The cost of treatment in Russia depends on the status of the medical institution and whether the patient has insurance. Many procedures can be done completely free of charge, under the compulsory medical insurance policy, even in oncological centers of federal significance located in large cities. Also, at the request of the patient, appropriate assistance can be obtained on a paid basis. On average, the fight against cancer in Russia is several times cheaper than in European countries - in Germany, Switzerland and the United States.

He has been diagnosing and treating cancer for over 100 years. The center uses the achievements of the modern level in the operational, radiation and other industries, which increases the efficiency of providing therapeutic care to the population.
St. Petersburg Clinical Scientific and Practical Center for Specialized Species medical care, Saint Petersburg. It develops and implements diagnostic, therapeutic and preventive measures aimed at combating oncological diseases.

Marina, 44 years old. "At the NMHC them. Pirogov, my sister was treated for stomach sarcoma. Everything is at a high level, doctors are trying to provide the required assistance, which is very important with such diagnoses.”

Treatment in Germany

The main goal of the fight against sarcomas in German clinics is to minimize the likelihood of disability and reduce the risk of recurrence of the tumor process. The effectiveness of diagnostics and treatment methods increases the multidisciplinary approach to each patient. Several specialists from various branches of medicine, such as oncologists, chemotherapists, radiologists, rehabilitation specialists, etc., simultaneously take part in the development of therapeutic tactics.

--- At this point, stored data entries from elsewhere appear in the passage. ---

(* Let $\mathcal{H}$ be a complex infinite-dimensional Hilbert space, let $n>1$ be an integer, and let $A\in B(\mathcal{H})$ satisfy $A^*A^n=A^nA^*$ (equivalently, $A^n$ is normal). Then $A$ is isoloid, i.e. every isolated point of $\sigma(A)$ is an eigenvalue of $A$.
   Context: $B(\mathcal{H})$ denotes the algebra of bounded linear operators on $\mathcal{H}$; $\sigma(A)$ is the spectrum of $A$. *)

theory Defs
  imports "HOL-Analysis.Analysis"
begin

definition hnorm :: "('a \<Rightarrow> 'a \<Rightarrow> complex) \<Rightarrow> 'a \<Rightarrow> real" where
  "hnorm ip x = sqrt (Re (ip x x))"

definition chilbert :: "(complex \<Rightarrow> 'a::ab_group_add \<Rightarrow> 'a) \<Rightarrow> ('a \<Rightarrow> 'a \<Rightarrow> complex) \<Rightarrow> bool" where
  "chilbert sc ip \<longleftrightarrow>
     (\<forall>x. sc 1 x = x) \<and>
     (\<forall>a b x. sc a (sc b x) = sc (a * b) x) \<and>
     (\<forall>a b x. sc (a + b) x = sc a x + sc b x) \<and>
     (\<forall>a x y. sc a (x + y) = sc a x + sc a y) \<and>
     (\<forall>x y z. ip (x + y) z = ip x z + ip y z) \<and>
     (\<forall>a x y. ip (sc a x) y = a * ip x y) \<and>
     (\<forall>x y. ip y x = cnj (ip x y)) \<and>
     (\<forall>x. x \<noteq> 0 \<longrightarrow> Re (ip x x) > 0) \<and>
     (\<forall>X::nat \<Rightarrow> 'a. (\<forall>e>0. \<exists>N. \<forall>m\<ge>N. \<forall>k\<ge>N. hnorm ip (X m - X k) < e)
        \<longrightarrow> (\<exists>L. (\<lambda>k. hnorm ip (X k - L)) \<longlonglongrightarrow> 0))"

definition hinfdim :: "(complex \<Rightarrow> 'a::ab_group_add \<Rightarrow> 'a) \<Rightarrow> bool" where
  "hinfdim sc \<longleftrightarrow> \<not> (\<exists>B. finite B \<and> (\<forall>x. \<exists>c. x = (\<Sum>b\<in>B. sc (c b) b)))"

definition hbounded :: "(complex \<Rightarrow> 'a::ab_group_add \<Rightarrow> 'a) \<Rightarrow> ('a \<Rightarrow> 'a \<Rightarrow> complex) \<Rightarrow> ('a \<Rightarrow> 'a) \<Rightarrow> bool" where
  "hbounded sc ip A \<longleftrightarrow>
     (\<forall>x y. A (x + y) = A x + A y) \<and> (\<forall>a x. A (sc a x) = sc a (A x)) \<and>
     (\<exists>K. \<forall>x. hnorm ip (A x) \<le> K * hnorm ip x)"

definition hadj :: "('a \<Rightarrow> 'a \<Rightarrow> complex) \<Rightarrow> ('a \<Rightarrow> 'a) \<Rightarrow> ('a \<Rightarrow> 'a)" where
  "hadj ip A = (THE B. \<forall>x y. ip (A x) y = ip x (B y))"

definition hspectrum :: "(complex \<Rightarrow> 'a::ab_group_add \<Rightarrow> 'a) \<Rightarrow> ('a \<Rightarrow> 'a \<Rightarrow> complex) \<Rightarrow> ('a \<Rightarrow> 'a) \<Rightarrow> complex set" where
  "hspectrum sc ip A = {l. \<not> (\<exists>B. hbounded sc ip B \<and>
       (\<forall>x. B (A x - sc l x) = x) \<and> (\<forall>x. A (B x) - sc l (B x) = x))}"

definition heigenvalue :: "(complex \<Rightarrow> 'a::ab_group_add \<Rightarrow> 'a) \<Rightarrow> ('a \<Rightarrow> 'a) \<Rightarrow> complex \<Rightarrow> bool" where
  "heigenvalue sc A l \<longleftrightarrow> (\<exists>x. x \<noteq> 0 \<and> A x = sc l x)"

definition isoloid :: "(complex \<Rightarrow> 'a::ab_group_add \<Rightarrow> 'a) \<Rightarrow> ('a \<Rightarrow> 'a \<Rightarrow> complex) \<Rightarrow> ('a \<Rightarrow> 'a) \<Rightarrow> bool" where
  "isoloid sc ip A \<longleftrightarrow> (\<forall>l. l isolated_in hspectrum sc ip A \<longrightarrow> heigenvalue sc A l)"

end

theory Submission
  imports Defs "HOL-Complex_Analysis.Complex_Analysis"
begin

text \<open>
  Let \<open>l\<close> be an isolated point of the spectrum of \<open>A\<close> and \<open>P\<close> the Riesz projection at \<open>l\<close>, obtained
  from the residues at \<open>l\<close> of \<open>z \<mapsto> \<langle>(A - z)\<^sup>-\<^sup>1 u, w\<rangle>\<close> and the Riesz representation theorem.
  If \<open>P = 0\<close>, Cauchy's formula bounds the resolvent near \<open>l\<close>, and \<open>l\<close> would not be in the spectrum;
  so \<open>P u \<noteq> 0\<close> for some \<open>u\<close>. Estimating the contour integral over small circles shows that
  \<open>\<parallel>g(A)\<^sup>k P u\<parallel>\<close> decays faster than any geometric sequence whenever \<open>g(l) = 0\<close>.
  For \<open>g(z) = z\<^sup>n - l\<^sup>n\<close> the operator \<open>N = g(A)\<close> is normal, so \<open>k \<mapsto> \<parallel>N\<^sup>k x\<parallel>\<close> is log-convex and
  cannot decay that fast unless \<open>N x = 0\<close>; hence \<open>(A\<^sup>n - l\<^sup>n) P u = 0\<close>. Writing \<open>g = (z - l)\<^sup>m h\<close> with
  \<open>h(l) \<noteq> 0\<close>, the same decay argument gives \<open>h(A) P u \<noteq> 0\<close>, and the last non-zero vector among
  \<open>(A - l)\<^sup>j h(A) P u\<close> is an eigenvector for \<open>l\<close>.
\<close>

lemma locally_bounded_on_compact:
  fixes S :: "'b::metric_space set" and Q :: "'b \<Rightarrow> real \<Rightarrow> bool"
  assumes "compact S"
    and local: "\<And>x. x \<in> S \<Longrightarrow> \<exists>e>0. \<exists>M. \<forall>y\<in>S. dist y x < e \<longrightarrow> Q y M"
    and mono: "\<And>y M M'. Q y M \<Longrightarrow> M \<le> M' \<Longrightarrow> Q y M'"
  obtains M where "\<And>y. y \<in> S \<Longrightarrow> Q y M"
proof -
  obtain E Mx where EM: "\<And>x. x \<in> S \<Longrightarrow> E x > 0 \<and> (\<forall>y\<in>S. dist y x < E x \<longrightarrow> Q y (Mx x))"
    using local by metis
  have "S \<subseteq> (\<Union>x\<in>S. ball x (E x))" using EM by force
  then obtain C where C: "C \<subseteq> S" "finite C" "S \<subseteq> (\<Union>c\<in>C. ball c (E c))"
    using compactE_image[OF assms(1), of S "\<lambda>x. ball x (E x)"] by blast
  have "Q y (Max (insert 0 (Mx ` C)))" if "y \<in> S" for y
  proof -
    obtain c where c: "c \<in> C" "y \<in> ball c (E c)" using C(3) \<open>y \<in> S\<close> by blast
    have "Q y (Mx c)" using EM[of c] c C(1) \<open>y \<in> S\<close> by (auto simp: dist_commute)
    then show ?thesis by (rule mono) (use C(2) c(1) in auto)
  qed
  then show ?thesis by (rule that)
qed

Oncological clinics in Germany that treat sarcomas are equipped with innovative equipment, which is updated every 5 years. At the same time, quality control systems work in all medical institutions, this is especially true for diagnostic services - thanks to them, laboratory and other errors are excluded. Thus, German specialists are able to quickly and accurately make a diagnosis, which is extremely important for malignant diseases, and monitor the effectiveness of the treatment.

The cost of complex diagnostics of sarcoma ranges from 5 to 12 thousand euros, the prices for therapy depend on the location of the tumor and the stage of the oncological process. Standard methods are used in the treatment: surgery, chemotherapy and radiation.

Which clinics in Germany can I contact?

Clinic specialists treat leukemia, sarcomas, tumors internal organs And bone tissue. Organ-preserving surgeries are a priority for local doctors. "Keyhole surgery", "hot chemotherapy" and many other fundamentally new techniques are used by German oncologists to successfully combat malignant neoplasms.
Clinic "Asklepios Barmbek", Hamburg. A multidisciplinary medical institution, in which modern medical achievements are also taken as the basis for the provision of diagnostic and therapeutic care. One of the specializations of the clinic is the interventional treatment of malignant tumors. With this method, the sarcoma is destroyed without surgery and without affecting the healthy cells of the body.

Consider reviews of the listed clinics.

Valeria, 34 years old. “My father was diagnosed with peritoneal sarcoma, the intestines were affected. In Russia, doctors doubted the operability of the tumor, and we turned to Germany, to the Helios Berlin-Buch clinic. Four sessions of irradiation and surgery greatly improved my father's health, he was discharged home. Thanks to the German doctors. There are still several stages of treatment ahead, but already in Russia.”

Oksana, 36 years old. “An x-ray showed a tumor in my sister, after the examination it turned out that it was an early stage liver sarcoma. In Germany, at the Asklepios Bambrek clinic, she underwent surgery and was discharged home a week later. Thanks to the doctors for their help."

Treatment of sarcoma of the abdominal cavity and retroperitoneal space in Israel

The fight against sarcomas in Israel is a popular service among Russian patients. The removal of a malignant neoplasm is carried out here using the latest technological equipment and advanced treatment methods, and the professionalism of local doctors is popular all over the world.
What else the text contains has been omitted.